**ABOUT THIS EXERCISE:** In the listing below, print exactly the lines between the line holding "w))\<^sup>2 = \<beta>\<^sup>2" and the line holding "w))\<^sup>2 - (r", inclusive, and no more.

**RECORDS SUPPLIED:**
lemma Re_mult_sgn_min_on_circle:
  fixes d R :: real and g :: complex
  assumes "0 \<le> R" "R < d" "cmod g = 1"
    and "d \<in> sqrt_closure S" "R \<in> sqrt_closure S" "constructible S g"
  shows "\<exists>v. cmod (v - of_real d) = R \<and> constructible S v \<and>
           (\<forall>y. cmod (y - of_real d) = R \<longrightarrow> Re (g * sgn v) \<le> Re (g * sgn y))"
proof (cases "Re g < 0 \<and> (d * Im g)\<^sup>2 \<le> R\<^sup>2")
  case True
  then show ?thesis
    using Re_mult_sgn_min_at_ray_point[OF assms(1-3) _ _ assms(4-6)] by blast
next
  case False
  then have "0 \<le> Re g \<or> R\<^sup>2 < (d * Im g)\<^sup>2"
    by auto
  then show ?thesis
    using Re_mult_sgn_min_at_tangent_point[OF assms(1-3) _ assms(4,5)] by blast
qed

lemma Re_sgn_min_on_circle:
  fixes c :: complex and R :: real
  assumes "0 \<le> R" "R < cmod c" "constructible S c" "R \<in> sqrt_closure S"
  shows "\<exists>w. cmod (w - c) = R \<and> constructible S w \<and>
           (\<forall>y. cmod (y - c) = R \<longrightarrow> Re (sgn w) \<le> Re (sgn y))"
proof -
  define g where "g = sgn c"
  define d where "d = cmod c"
  have "c \<noteq> 0"
    using assms(1,2) by auto
  then have g: "cmod g = 1" and c: "c = g * of_real d"
    by (simp_all add: g_def d_def norm_sgn) (simp add: sgn_eq)
  have "R < d" "d \<in> sqrt_closure S" "constructible S g"
    using assms(2,3) by (simp_all add: d_def g_def sqrt_closure_norm constructible_sgn)
  then obtain v where v: "cmod (v - of_real d) = R" "constructible S v"
    and v_min: "\<forall>y. cmod (y - of_real d) = R \<longrightarrow> Re (g * sgn v) \<le> Re (g * sgn y)"
    using Re_mult_sgn_min_on_circle[OF assms(1) _ g _ assms(4)] by blast
  have rotate: "cmod (g * z - c) = cmod (z - of_real d)" for z
    using g by (simp add: c norm_mult flip: right_diff_distrib)
  have sgn_rotate: "sgn (g * z) = g * sgn z" for z
    using g by (simp add: sgn_mult sgn_eq norm_mult)
  show ?thesis
  proof (intro exI[of _ "g * v"] conjI allI impI)
    show "cmod (g * v - c) = R"
      using v(1) by (simp add: rotate)
    show "constructible S (g * v)"
      using v(2) \<open>constructible S g\<close> by (rule constructible_mult[rotated])
    fix y
    assume "cmod (y - c) = R"
    moreover have y: "y = g * (cnj g * y)"
      using complex_norm_square[of g] g by (simp add: mult.assoc[symmetric])
    ultimately have "cmod (cnj g * y - of_real d) = R"
      by (metis rotate)
    then have "Re (g * sgn v) \<le> Re (g * sgn (cnj g * y))"
      using v_min by blast
    then show "Re (sgn (g * v)) \<le> Re (sgn y)"
      by (simp only: sgn_rotate[symmetric] flip: y)
  qed
qed

text \<open>Centre and radius of the circle |a - z b| = r |1 - z|, the image of the circle
  |x| = r under x \<mapsto> (a - x) / (b - x).\<close>

definition apollonius_center :: "complex \<Rightarrow> complex \<Rightarrow> real \<Rightarrow> complex" where
  "apollonius_center a b r = (cnj b * a - of_real (r\<^sup>2)) / of_real ((cmod b)\<^sup>2 - r\<^sup>2)"

definition apollonius_radius :: "complex \<Rightarrow> complex \<Rightarrow> real \<Rightarrow> real" where
  "apollonius_radius a b r = r * cmod (a - b) / ((cmod b)\<^sup>2 - r\<^sup>2)"

lemma apollonius_identity:
  fixes a b z :: complex and r :: real
  assumes "(cmod b)\<^sup>2 \<noteq> r\<^sup>2"
  shows "(cmod (a - z * b))\<^sup>2 - r\<^sup>2 * (cmod (1 - z))\<^sup>2
           = ((cmod b)\<^sup>2 - r\<^sup>2) * ((cmod (z - apollonius_center a b r))\<^sup>2 - (apollonius_radius a b r)\<^sup>2)"
proof -
  define \<beta> where "\<beta> = (cmod b)\<^sup>2 - r\<^sup>2"
  define w where "w = cnj b * a - of_real (r\<^sup>2)"
  have "\<beta> \<noteq> 0"
    using assms by (simp add: \<beta>_def)
  have "of_real \<beta> * apollonius_center a b r = w"
    using \<open>\<beta> \<noteq> 0\<close> unfolding apollonius_center_def \<beta>_def[symmetric] w_def[symmetric] by simp
  then have "of_real \<beta> * z - w = of_real \<beta> * (z - apollonius_center a b r)"
    by (simp add: right_diff_distrib)
  then have "(cmod (of_real \<beta> * z - w))\<^sup>2 = \<beta>\<^sup>2 * (cmod (z - apollonius_center a b r))\<^sup>2"
    by (simp add: norm_mult power_mult_distrib)
  moreover have "\<beta> * ((cmod (a - z * b))\<^sup>2 - r\<^sup>2 * (cmod (1 - z))\<^sup>2)
          = (cmod (of_real \<beta> * z - w))\<^sup>2 - (r * cmod (a - b))\<^sup>2"
    unfolding cmod_power2 \<beta>_def w_def power_mult_distrib
    by (simp add: power2_eq_square algebra_simps)
  moreover have "\<beta> * (\<beta> * (X - (r * cmod (a - b) / \<beta>)\<^sup>2)) = \<beta>\<^sup>2 * X - (r * cmod (a - b))\<^sup>2" for X
    using \<open>\<beta> \<noteq> 0\<close> by (simp add: power_divide field_simps power2_eq_square)
  ultimately show ?thesis
    using \<open>\<beta> \<noteq> 0\<close> unfolding \<beta>_def[symmetric] apollonius_radius_def
    by (metis mult_left_cancel)
qed

lemma apollonius_radius_nonneg:
  assumes "0 \<le> r" "r < cmod b"
  shows "0 \<le> apollonius_radius a b r"
  using assms by (simp add: apollonius_radius_def power_strict_mono)

lemma apollonius_circle_iff:
  assumes "0 \<le> r" "r < cmod b"
  shows "cmod (a - z * b) = r * cmod (1 - z)
           \<longleftrightarrow> cmod (z - apollonius_center a b r) = apollonius_radius a b r"
proof -
  have "r\<^sup>2 < (cmod b)\<^sup>2"
    using assms by (simp add: power_strict_mono)
  then have "cmod (a - z * b) = r * cmod (1 - z) \<longleftrightarrow> (cmod (a - z * b))\<^sup>2 - (r * cmod (1 - z))\<^sup>2 = 0"
    using assms(1) by (simp add: power2_eq_iff_nonneg)
  also have "\<dots> \<longleftrightarrow> (cmod (z - apollonius_center a b r))\<^sup>2 - (apollonius_radius a b r)\<^sup>2 = 0"
    using apollonius_identity[of b r a z] \<open>r\<^sup>2 < (cmod b)\<^sup>2\<close> by (simp add: power_mult_distrib)
  also have "\<dots> \<longleftrightarrow> cmod (z - apollonius_center a b r) = apollonius_radius a b r"
    using apollonius_radius_nonneg[OF assms] by (simp add: power2_eq_iff_nonneg)
  finally show ?thesis .
qed

lemma apollonius_radius_less_norm_center:
  assumes "0 \<le> r" "r < cmod a" "r < cmod b"
  shows "apollonius_radius a b r < cmod (apollonius_center a b r)"
proof -
  have "r\<^sup>2 < (cmod a)\<^sup>2" "r\<^sup>2 < (cmod b)\<^sup>2"
    using assms by (simp_all add: power_strict_mono)
  then have "0 < ((cmod b)\<^sup>2 - r\<^sup>2) * ((cmod (apollonius_center a b r))\<^sup>2 - (apollonius_radius a b r)\<^sup>2)"
    using apollonius_identity[of b r a 0] by simp
  then have "(apollonius_radius a b r)\<^sup>2 < (cmod (apollonius_center a b r))\<^sup>2"
    using \<open>r\<^sup>2 < (cmod b)\<^sup>2\<close> by (simp add: zero_less_mult_iff)
  then show ?thesis
    by (rule power_less_imp_less_base) simp
qed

**REPLY:**
  then have "(cmod (of_real \<beta> * z - w))\<^sup>2 = \<beta>\<^sup>2 * (cmod (z - apollonius_center a b r))\<^sup>2"
    by (simp add: norm_mult power_mult_distrib)
  moreover have "\<beta> * ((cmod (a - z * b))\<^sup>2 - r\<^sup>2 * (cmod (1 - z))\<^sup>2)
          = (cmod (of_real \<beta> * z - w))\<^sup>2 - (r * cmod (a - b))\<^sup>2"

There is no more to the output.